Hallucination as a Computational Boundary: A Hierarchy of Inevitability and the Oracle Escape
Wang Xi, Quan Shi, Zenghui Ding, Jianqing Gao, Xianjun Yang
TL;DR
This work formalizes hallucination as an intrinsic limit when LLMs are modeled as probabilistic Turing machines, introducing a three-boundary hierarchy (Diagonalization, Uncomputability, Information-Theoretic) and two escape strategies: external Oracle augmentation (RAG) and internal continual learning (CL). It develops a neuro-game-theoretic, CLS-inspired framework for adaptive escape, proves amortized cost advantages for continual learning, and introduces Computational Class Alignment (CCA) as a safety principle. The experimental validation with a RAG-CL hybrid demonstrates robust accuracy with cost benefits, supporting dynamic alignment of task complexity to the agent's computational class.

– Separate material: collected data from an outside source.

lemma card_confusable_le:
  assumes inv: "\<forall>a\<in>set x. cmp (cmp a) = a" and free: "rc_pal_free cmp m x"
    and S: "\<forall>u\<in>S. length u = length x \<and> rc_pal_free cmp m u"
  shows "card {u \<in> S. confusable cmp x u} \<le> 4 * m * length x ^ 2"
proof -
  let ?n = "length x"
  let ?recover = "\<lambda>(k, a, b).
    take (b + k) (RC_dup cmp k (Suc a) x) @ drop (b + k + k) (RC_dup cmp k (Suc a) x)"
  have "{u \<in> S. confusable cmp x u} \<subseteq> ?recover ` ({..<4 * m} \<times> {..<?n} \<times> {..<?n})"
  proof
    fix u
    assume "u \<in> {u \<in> S. confusable cmp x u}"
    then obtain k where u: "u \<in> S" "x \<noteq> u" and "1 \<le> k" "RC_ball cmp k x \<inter> RC_ball cmp k u \<noteq> {}"
      by (auto simp: confusable_def)
    moreover from this obtain a b where ab: "a + k \<le> ?n" "b + k \<le> ?n"
      "RC_dup cmp k (Suc a) x = RC_dup cmp k (Suc b) u"
      using S by (auto simp: RC_ball_eq)
    ultimately have "k < 4 * m"
      using RC_ball_disjoint[OF inv free, of u k] S by (meson not_le)
    moreover have "u = ?recover (k, a, b)"
      using delete_RC_dup[of b k u] ab u S by simp
    ultimately show "u \<in> ?recover ` ({..<4 * m} \<times> {..<?n} \<times> {..<?n})"
      using ab \<open>1 \<le> k\<close> by force
  qed
  then have "card {u \<in> S. confusable cmp x u} \<le> card ({..<4 * m} \<times> {..<?n} \<times> {..<?n})"
    by (meson card_image_le card_mono finite_SigmaI finite_imageI finite_lessThan order_trans)
  then show ?thesis
    by (simp add: power2_eq_square)
qed

lemma card_rc_pal_free_ge:
  assumes "2 * (n + 1) \<le> q ^ m"
  shows "q ^ n \<le> 2 * card {x \<in> words q n. rc_pal_free cmp m x}"
proof -
  let ?S = "{x \<in> words q n. rc_pal_free cmp m x}"
  let ?B = "{x \<in> words q n. \<not> rc_pal_free cmp m x}"
  have "card (?S \<union> ?B) = card ?S + card ?B"
    by (rule card_Un_disjoint) (auto simp: finite_words)
  moreover have "?S \<union> ?B = words q n"
    by blast
  moreover have "2 * card ?B \<le> q ^ n"
  proof -
    have "q ^ m * (2 * card ?B) \<le> 2 * (n + 1) * q ^ n"
      using card_not_rc_pal_free[of q m n cmp] by simp
    also have "\<dots> \<le> q ^ m * q ^ n"
      using assms by (rule mult_le_mono1)
    finally have "q ^ m * (2 * card ?B) \<le> q ^ m * q ^ n" .
    moreover have "0 < q ^ m"
      using less_le_trans[of 0 "2 * (n + 1)" "q ^ m"] assms by simp
    ultimately show ?thesis
      using nat_mult_le_cancel1 by blast
  qed
  ultimately show ?thesis
    by (simp add: card_words)
qed

lemma exists_RC_dup_code:
  assumes inv: "\<forall>a<q. cmp (cmp a) = a" and qm: "2 * (n + 1) \<le> q ^ m"
  shows "\<exists>C\<subseteq>words q n. corrects_RC_dup cmp C \<and> q ^ n \<le> 2 * (4 * m * n ^ 2 + 1) * card C"
proof -
  let ?S = "{x \<in> words q n. rc_pal_free cmp m x}"
  have degree: "card {u \<in> ?S. confusable cmp x u} \<le> 4 * m * n ^ 2" if "x \<in> ?S" for x
  proof -
    have "\<forall>a\<in>set x. cmp (cmp a) = a" "rc_pal_free cmp m x" "length x = n"
      using inv that by (auto simp: words_def)
    then show ?thesis
      using card_confusable_le[of x cmp m ?S] by (simp add: words_def)
  qed
  obtain C where C: "C \<subseteq> ?S" "card ?S \<le> (4 * m * n ^ 2 + 1) * card C"
    and indep: "\<forall>x\<in>C. \<forall>z\<in>C. x \<noteq> z \<longrightarrow> \<not> confusable cmp x z"
    using exists_large_independent_subset[of ?S "confusable cmp", OF _ degree confusable_sym]
    by (auto simp: finite_words)
  have "corrects_RC_dup cmp C"
    using indep by (auto simp: corrects_RC_dup_def confusable_def)
  moreover have "q ^ n \<le> 2 * (4 * m * n ^ 2 + 1) * card C"
    using card_rc_pal_free_ge[OF qm, of cmp] C(2) by simp
  ultimately show ?thesis
    using C(1) by blast
qed

lemma exists_power_between:
  fixes q n :: nat
  assumes "2 \<le> q" and "q \<le> n"
  shows "\<exists>m. 2 * (n + 1) \<le> q ^ m \<and> q ^ m \<le> n ^ 4"
proof -
  define m where "m = (LEAST m. 2 * (n + 1) \<le> q ^ m)"
  have "2 * (n + 1) < 2 ^ (2 * (n + 1))"
    by (rule less_exp)
  also have "\<dots> \<le> q ^ (2 * (n + 1))"
    using assms(1) by (rule power_mono) simp
  finally have "2 * (n + 1) \<le> q ^ (2 * (n + 1))"
    by simp
  then have m: "2 * (n + 1) \<le> q ^ m"
    unfolding m_def by (rule LeastI)
  then obtain m' where m': "m = Suc m'"
    by (cases m) auto
  then have "q ^ m' < 2 * (n + 1)"
    unfolding m_def by (metis lessI not_le not_less_Least)
  also have "2 * (n + 1) \<le> n ^ 3"
  proof -
    have "2 * (n + 1) \<le> 2 * 2 * n"
      using assms by simp
    also have "\<dots> \<le> n * n * n"
      using assms by (intro mult_le_mono) auto
    finally show ?thesis
      by (simp add: power3_eq_cube)
  qed
  finally have "q ^ m \<le> n * n ^ 3"
    using assms(2) m' by (simp add: mult_le_mono)
  then show ?thesis
    using m by (auto simp: power_Suc[symmetric] simp del: power_Suc)
qed

lemma log_redundancy_le:
  assumes "1 < real q" and "q \<le> n" and "0 < m" and "0 < N"
    and "q ^ m \<le> n ^ 4" and "q ^ n \<le> 10 * m * n ^ 2 * N"
  shows "real n - log q N \<le> 2 * log q n + log q (log q n) + log q 40"
proof -
  have "0 < n" "1 \<le> log q n"
    using assms(1,2) by simp_all
  have "real (q ^ n) \<le> real (10 * m * n ^ 2 * N)"
    using assms(6) by (simp only: of_nat_le_iff)
  then have "real q ^ n \<le> 10 * real m * real n ^ 2 * real N"
    by (simp only: of_nat_mult of_nat_power of_nat_numeral)
  then have "log q (real q ^ n) \<le> log q (10 * real m * real n ^ 2 * real N)"
    using assms(1) by (intro log_mono) simp_all
  then have "real n \<le> log q (10 * real m * real n ^ 2 * real N)"
    using assms(1) by simp
  also have "\<dots> = log q 10 + log q m + 2 * log q n + log q N"
    using \<open>0 < m\<close> \<open>0 < n\<close> \<open>0 < N\<close> by (simp add: log_mult_pos log_nat_power)
  finally have n_le: "real n \<le> log q 10 + log q m + 2 * log q n + log q N" .
  have "real q ^ m \<le> real n ^ 4"
    using assms(5) by (simp only: of_nat_le_iff flip: of_nat_power)
  then have "log q (real q ^ m) \<le> log q (real n ^ 4)"
    using assms(1) by (intro log_mono) simp_all
  then have "real m \<le> 4 * log q n"
    using assms(1) by (simp add: log_nat_power)
  then have "log q m \<le> log q 4 + log q (log q n)"
    using assms(1) \<open>0 < m\<close> \<open>1 \<le> log q n\<close> by (simp flip: log_mult_pos)
  moreover have "log q 40 = log q 10 + log q 4"
    by (simp flip: log_mult_pos)
  ultimately show ?thesis
    using n_le by linarith
qed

Overall, the paper shifts safety design from single-model fixes to ecosystemwide, boundary-aware strategies that adaptively elevate internal capabilities.
Abstract
The illusion phenomenon of large language models (LLMs) is the core obstacle to their reliable deployment. This article formalizes the large language model as a probabilistic Turing machine by constructing a "computational necessity hierarchy", and for the first time proves the illusions are inevitable on diagonalization, incomputability, and information theory boundaries supported by the new "learner pump lemma". However, we propose two "escape routes": one is to model Retrieval Enhanced Generations (RAGs) as oracle machines, proving their absolute escape through "computational jumps", providing the first formal theory for the effectiveness of RAGs; The second is to formalize continuous learning as an "internalized oracle" mechanism and implement this path through a novel neural game theory framework. Finally, this article proposes a feasible new principle for artificial intelligence security - Computational Class Alignment (CCA), which requires strict matching between task complexity and the actual computing power of the system, providing theoretical support for the secure application of artificial intelligence.